With this clustering of teams, we could then ask ourselves what types of plays are being run more or less frequently by systems that are generating star and bust players. The table below summarizes our initial findings, and shows that clusters 4, 6, and 7 generated the best ratios of stars to busts and also had the highest net WS per player, whereas clusters 5 and 8 performed poorly. The descriptions column attempts to give a play-type description of what differentiates each cluster the most. Looking at the 7^{th} cluster, whose teams ran a higher percentage of isolation plays and was otherwise fairly balanced, we see that this cluster included 59 teams that sent at least 1 player to the NBA, 9 players of which became stars and 6 of which became busts based on our earlier criteria, and whose drafted players on average outperformed their draft position expected WS by 1.912 per player across the players drafted from those 59 teams.
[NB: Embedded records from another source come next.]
(* For $n>2$, the lattice generated by the vertices of $P(D_n)$ has index one in the lattice $\mathrm{aff}(P(D_n))\cap\mathbb{Z}^{n\times n}$; that is, every integer matrix $X$ that is a real linear combination of the differences $g-e$ ($g\in D_n$) is an integer linear combination of these differences.
   Context: Each $g\in S_n$ is identified with its $n\times n$ permutation matrix (entry $(i,j)$ is $1$ iff $g(i)=j$); $e$ is the identity; $P(G)=\mathrm{conv}\{g:g\in G\}$. $D_n\le S_n$ is generated by $r=(1\ 2\ \cdots\ n)$ and $f=(1\ n)(2\ n-1)\cdots(\lfloor\frac{n+1}{2}\rfloor\ \lceil\frac{n+1}{2}\rceil)$. *)

theory Defs
  imports Complex_Main
begin

text \<open>Points are 0-indexed: {0..<n} stands for {1..n}. Permutations of {0..<n}
are functions nat \<Rightarrow> nat that fix every point \<ge> n.\<close>

definition rot :: "nat \<Rightarrow> nat \<Rightarrow> nat" where
  "rot n i = (if i < n then (i + 1) mod n else i)"

definition flip :: "nat \<Rightarrow> nat \<Rightarrow> nat" where
  "flip n i = (if i < n then n - 1 - i else i)"

text \<open>D_n: the subgroup of S_n generated by r and f. Since S_n is finite,
the generated submonoid equals the generated subgroup.\<close>
inductive_set dihedral :: "nat \<Rightarrow> (nat \<Rightarrow> nat) set" for n where
  id_in: "id \<in> dihedral n"
| rot_in: "g \<in> dihedral n \<Longrightarrow> rot n \<circ> g \<in> dihedral n"
| flip_in: "g \<in> dihedral n \<Longrightarrow> flip n \<circ> g \<in> dihedral n"

definition perm_mat :: "(nat \<Rightarrow> nat) \<Rightarrow> nat \<Rightarrow> nat \<Rightarrow> real" where
  "perm_mat g i j = (if g i = j then 1 else 0)"

end

theory Submission
  imports Defs
begin

text \<open>
  Write \<open>\<rho>\<^sub>k\<close> for the rotation \<open>i \<mapsto> i + k\<close> and \<open>\<sigma>\<^sub>k\<close> for the reflection
  \<open>i \<mapsto> k - i\<close> (mod n); for \<open>n > 2\<close> these are the \<open>2n\<close> distinct elements of \<open>D\<^sub>n\<close>.
  Exactly one rotation and one reflection send \<open>i\<close> to \<open>j\<close>, namely \<open>\<rho>\<^sub>j\<^sub>-\<^sub>i\<close> and
  \<open>\<sigma>\<^sub>i\<^sub>+\<^sub>j\<close>, so the combinations \<open>\<Sum>\<^sub>g c\<^sub>g (g - e)\<close> are precisely the matrices
  \<open>X i j = a (j - i) + b (i + j)\<close> with \<open>\<Sum>\<^sub>k (a k + b k) = 0\<close>, where \<open>a k = c(\<rho>\<^sub>k)\<close>
  (minus \<open>\<Sum> c\<close> for \<open>k = 0\<close>) and \<open>b k = c(\<sigma>\<^sub>k)\<close>.

  If such an \<open>X\<close> is integral, the entries at \<open>(0, k)\<close> and \<open>(k div 2, k div 2 + k mod 2)\<close>
  show that \<open>a k - a (k mod 2)\<close> and \<open>b k + a (k mod 2)\<close> are integers. Moreover the
  fractional part of \<open>a (k mod 2)\<close> agrees at the two indices \<open>j - i\<close> and \<open>i + j\<close> of
  every entry: for even \<open>n\<close> they have the same parity, and for odd \<open>n\<close> the entries at
  \<open>(h, h)\<close> and \<open>(n - 1, 0)\<close>, with \<open>2h = n - 1\<close>, force \<open>frac (a 0) = frac (a 1)\<close>.
  Moving this fractional part from \<open>a\<close> to \<open>b\<close> gives integral \<open>a', b'\<close> describing the
  same \<open>X\<close>, and hence integral coefficients.
\<close>

lemma mod_less_double: "(x::nat) < 2 * n \<Longrightarrow> x mod n = (if x < n then x else x - n)"
  by (cases "x < n") (auto simp: le_mod_geq)

definition rotation :: "nat \<Rightarrow> nat \<Rightarrow> nat \<Rightarrow> nat" where
  "rotation n k = (\<lambda>i. if i < n then (i + k) mod n else i)"

definition reflection :: "nat \<Rightarrow> nat \<Rightarrow> nat \<Rightarrow> nat" where
  "reflection n k = (\<lambda>i. if i < n then (k + (n - i)) mod n else i)"

lemma dihedral_comp_closed: "h \<in> dihedral n \<Longrightarrow> g \<in> dihedral n \<Longrightarrow> h \<circ> g \<in> dihedral n"
  by (induction h rule: dihedral.induct) (auto simp: comp_assoc intro: dihedral.intros)

lemma rotation_0: "rotation n 0 = id"
  by (auto simp: rotation_def)

lemma rotation_Suc: "rotation n (Suc k) = rot n \<circ> rotation n k"
  by (auto simp: rotation_def rot_def mod_Suc_eq)

lemma rotation_in_dihedral: "rotation n k \<in> dihedral n"
  by (induction k) (metis rotation_0 dihedral.id_in, metis rotation_Suc dihedral.rot_in)

lemma reflection_0: "0 < n \<Longrightarrow> reflection n 0 = rot n \<circ> flip n"
  by (rule ext) (auto simp: reflection_def rot_def flip_def Suc_diff_Suc)

lemma reflection_eq_rotation_comp: "0 < n \<Longrightarrow> reflection n k = rotation n k \<circ> reflection n 0"
  by (rule ext) (auto simp: reflection_def rotation_def mod_add_left_eq add.commute[of k])

lemma reflection_in_dihedral: "0 < n \<Longrightarrow> reflection n k \<in> dihedral n"
proof -
  assume "0 < n"
  have "rot n \<circ> flip n \<in> dihedral n"
    by (metis comp_id dihedral.id_in dihedral.flip_in dihedral.rot_in)
  then show ?thesis
    by (simp add: \<open>0 < n\<close> reflection_0 reflection_eq_rotation_comp[of n k]
        dihedral_comp_closed rotation_in_dihedral)
qed

lemma rot_comp_rotation: "0 < n \<Longrightarrow> k < n \<Longrightarrow> rot n \<circ> rotation n k = rotation n ((k + 1) mod n)"
  by (rule ext) (auto simp: rotation_def rot_def mod_less_double)

lemma rot_comp_reflection: "0 < n \<Longrightarrow> k < n \<Longrightarrow> rot n \<circ> reflection n k = reflection n ((k + 1) mod n)"
  by (rule ext) (auto simp: reflection_def rot_def mod_less_double)

lemma flip_comp_rotation: "0 < n \<Longrightarrow> k < n \<Longrightarrow> flip n \<circ> rotation n k = reflection n (n - 1 - k)"
  by (rule ext) (auto simp: rotation_def reflection_def flip_def mod_less_double)

lemma flip_comp_reflection: "0 < n \<Longrightarrow> k < n \<Longrightarrow> flip n \<circ> reflection n k = rotation n (n - 1 - k)"
  by (rule ext) (auto simp: rotation_def reflection_def flip_def mod_less_double)

lemma dihedral_cases:
  assumes "g \<in> dihedral n" and "0 < n"
  shows "\<exists>k<n. g = rotation n k \<or> g = reflection n k"
  using assms
proof (induction g rule: dihedral.induct)
  case id_in
  then show ?case by (metis rotation_0)
next
  case (rot_in g)
  then show ?case by (metis mod_less_divisor rot_comp_rotation rot_comp_reflection)
next
  case (flip_in g)
  then obtain k where "k < n" "g = rotation n k \<or> g = reflection n k" by blast
  moreover have "n - 1 - k < n" using \<open>0 < n\<close> by simp
  ultimately show ?case using flip_comp_rotation flip_comp_reflection \<open>0 < n\<close> by metis
qed

lemma dihedral_eq: "0 < n \<Longrightarrow> dihedral n = rotation n ` {..<n} \<union> reflection n ` {..<n}"
  using dihedral_cases rotation_in_dihedral reflection_in_dihedral by blast

lemma rotation_apply_eq_iff:
  "i < n \<Longrightarrow> j < n \<Longrightarrow> k < n \<Longrightarrow> rotation n k i = j \<longleftrightarrow> k = (j + (n - i)) mod n"
  by (simp add: rotation_def mod_less_double; arith)

lemma reflection_apply_eq_iff:
  "i < n \<Longrightarrow> j < n \<Longrightarrow> k < n \<Longrightarrow> reflection n k i = j \<longleftrightarrow> k = (i + j) mod n"
  by (simp add: reflection_def mod_less_double; arith)

lemma rotation_apply_0: "k < n \<Longrightarrow> rotation n k 0 = k"
  by (simp add: rotation_def)

lemma reflection_apply_0: "k < n \<Longrightarrow> reflection n k 0 = k"
  by (simp add: reflection_def)

lemma rotation_index_eq_0_iff: "(i::nat) < n \<Longrightarrow> j < n \<Longrightarrow> (j + (n - i)) mod n = 0 \<longleftrightarrow> i = j"
  using rotation_apply_eq_iff[of i n j 0] by (auto simp: rotation_0)

lemma finite_dihedral: "0 < n \<Longrightarrow> finite (dihedral n)"
  by (simp add: dihedral_eq)

lemma rotation_neq_reflection: "2 < n \<Longrightarrow> k < n \<Longrightarrow> m < n \<Longrightarrow> rotation n k \<noteq> reflection n m"
proof
  assume n: "2 < n" and "k < n" "m < n" and eq: "rotation n k = reflection n m"
  then have "k = m"
    by (metis rotation_apply_0 reflection_apply_0)
  moreover have "rotation n k 1 = reflection n m 1"
    using eq by simp
  ultimately show False
    using n \<open>k < n\<close> by (simp add: rotation_def reflection_def mod_less_double; arith)
qed

lemma sum_dihedral:
  assumes "2 < n"
  shows "(\<Sum>g\<in>dihedral n. w g) = (\<Sum>k<n. w (rotation n k)) + (\<Sum>k<n. w (reflection n k))"
proof -
  have "inj_on (rotation n) {..<n}" "inj_on (reflection n) {..<n}"
    by (metis inj_onI lessThan_iff rotation_apply_0, metis inj_onI lessThan_iff reflection_apply_0)
  moreover have "rotation n ` {..<n} \<inter> reflection n ` {..<n} = {}"
    using rotation_neq_reflection[OF assms] by blast
  ultimately show ?thesis
    using assms by (simp add: dihedral_eq sum.union_disjoint sum.reindex)
qed

lemma dihedral_function_exists:
  assumes "2 < n"
  obtains c :: "(nat \<Rightarrow> nat) \<Rightarrow> 'a"
  where "\<And>k. k < n \<Longrightarrow> c (rotation n k) = f k"
    and "\<And>k. k < n \<Longrightarrow> c (reflection n k) = g k"
proof -
  define c where "c h = (if h \<in> rotation n ` {..<n} then f (h 0) else g (h 0))" for h
  have "c (rotation n k) = f k" if "k < n" for k
  proof -
    have "rotation n k \<in> rotation n ` {..<n}"
      using that by blast
    then show ?thesis
      using that by (simp add: c_def rotation_apply_0)
  qed
  moreover have "c (reflection n k) = g k" if "k < n" for k
  proof -
    have "reflection n k \<notin> rotation n ` {..<n}"
      using rotation_neq_reflection[OF assms _ that] by (metis imageE lessThan_iff)
    then show ?thesis
      using that by (simp add: c_def reflection_apply_0)
  qed
  ultimately show thesis
    by (rule that)
qed

lemma dihedral_fiber:
  assumes "i < n" "j < n"
  shows "{g \<in> dihedral n. g i = j} = {rotation n ((j + (n - i)) mod n), reflection n ((i + j) mod n)}"
proof (intro set_eqI iffI)
  fix g
  assume "g \<in> {g \<in> dihedral n. g i = j}"
  then obtain k where "k < n" "g = rotation n k \<or> g = reflection n k" "g i = j"
    using dihedral_cases[of g n] assms by auto
  then show "g \<in> {rotation n ((j + (n - i)) mod n), reflection n ((i + j) mod n)}"
    using rotation_apply_eq_iff[OF assms \<open>k < n\<close>] reflection_apply_eq_iff[OF assms \<open>k < n\<close>]
    by auto
next
  fix g
  assume "g \<in> {rotation n ((j + (n - i)) mod n), reflection n ((i + j) mod n)}"
  moreover have "0 < n"
    using assms by simp
  ultimately show "g \<in> {g \<in> dihedral n. g i = j}"
    using rotation_in_dihedral reflection_in_dihedral rotation_apply_eq_iff reflection_apply_eq_iff assms
    by auto
qed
In terms of net WS per player, 2 of the 3 strongest performing clusters feature offenses that emphasize isolation plays, whereas both of the 2 weakest performing clusters de-emphasize isolation plays. Further, the strongest cluster de-emphasizes spot up shooting whereas the weakest cluster emphasizes spot up shooting. We leave to you to compare further this table and the play-type graphs to reveal other patterns of over- and under-performance of certain clusters of teams by play-types.

Extending this sort of analysis, we next took a look at the offensive tendencies of those systems that superstars and busts came from, at each position on the court. That is to say, we expect that teams with very good players at specific positions would lean their offensive strategies more towards play-types featuring these players. Wouldn’t NCAA teams with elite centers run more post-up plays? Do teams with elite point guards push the ball more in transition? The graphs below answer these questions, with interpretation of the graphs as follows – there are 5 graphs, 1 for each position. Each graph features the 11 play-types shown earlier, and for each play-type both a red bar that displays whether the NCAA teams of players that became NBA stars at that position ran a higher or lower percentage of each play-type than the offenses of players that were drafted but did not become NBA stars at that position, and a blue bar that displays whether the NCAA teams of players that became NBA busts at that position ran a higher or lower percentage of each play-type than the offenses of players that were drafted but did not become NBA busts at that position… these graphs are a bit difficult to explain and can be difficult to draw insights from, so maybe read that last sentence again, and let’s look at the graphs to understand more.

Looking at the bottom graph, on point guards, we see that NCAA teams whose point guard was drafted and became an NBA star ran transition plays roughly 18% more frequently than did NCAA teams whose point guard was drafted but did not become an NBA star. Alternatively, NCAA teams whose point guard was drafted and became an NBA bust ran transition plays 33% less frequently than did NCAA teams whose point guard was drafted but did not become an NBA bust. This makes sense intuitively, as teams with star point guards should be more willing to push the ball in transition, trusting their talented point guard to make good decisions with the ball. The first graph, on power forwards, makes intuitive sense too, where we see the teams with star power forwards run fewer spot up shooting plays (not typically a play featuring the power forward in college) and more post up plays. Again, we leave to you to dig more nuggets of insight from the graphs and make connections with what plays we would expect a team to favor given stars at certain positions.

With this, we wrap up the second post, which I hope was as interesting for you to read as it was for me to type out. Our third post will follow shortly, with our last analyses and concluding thoughts on the competition.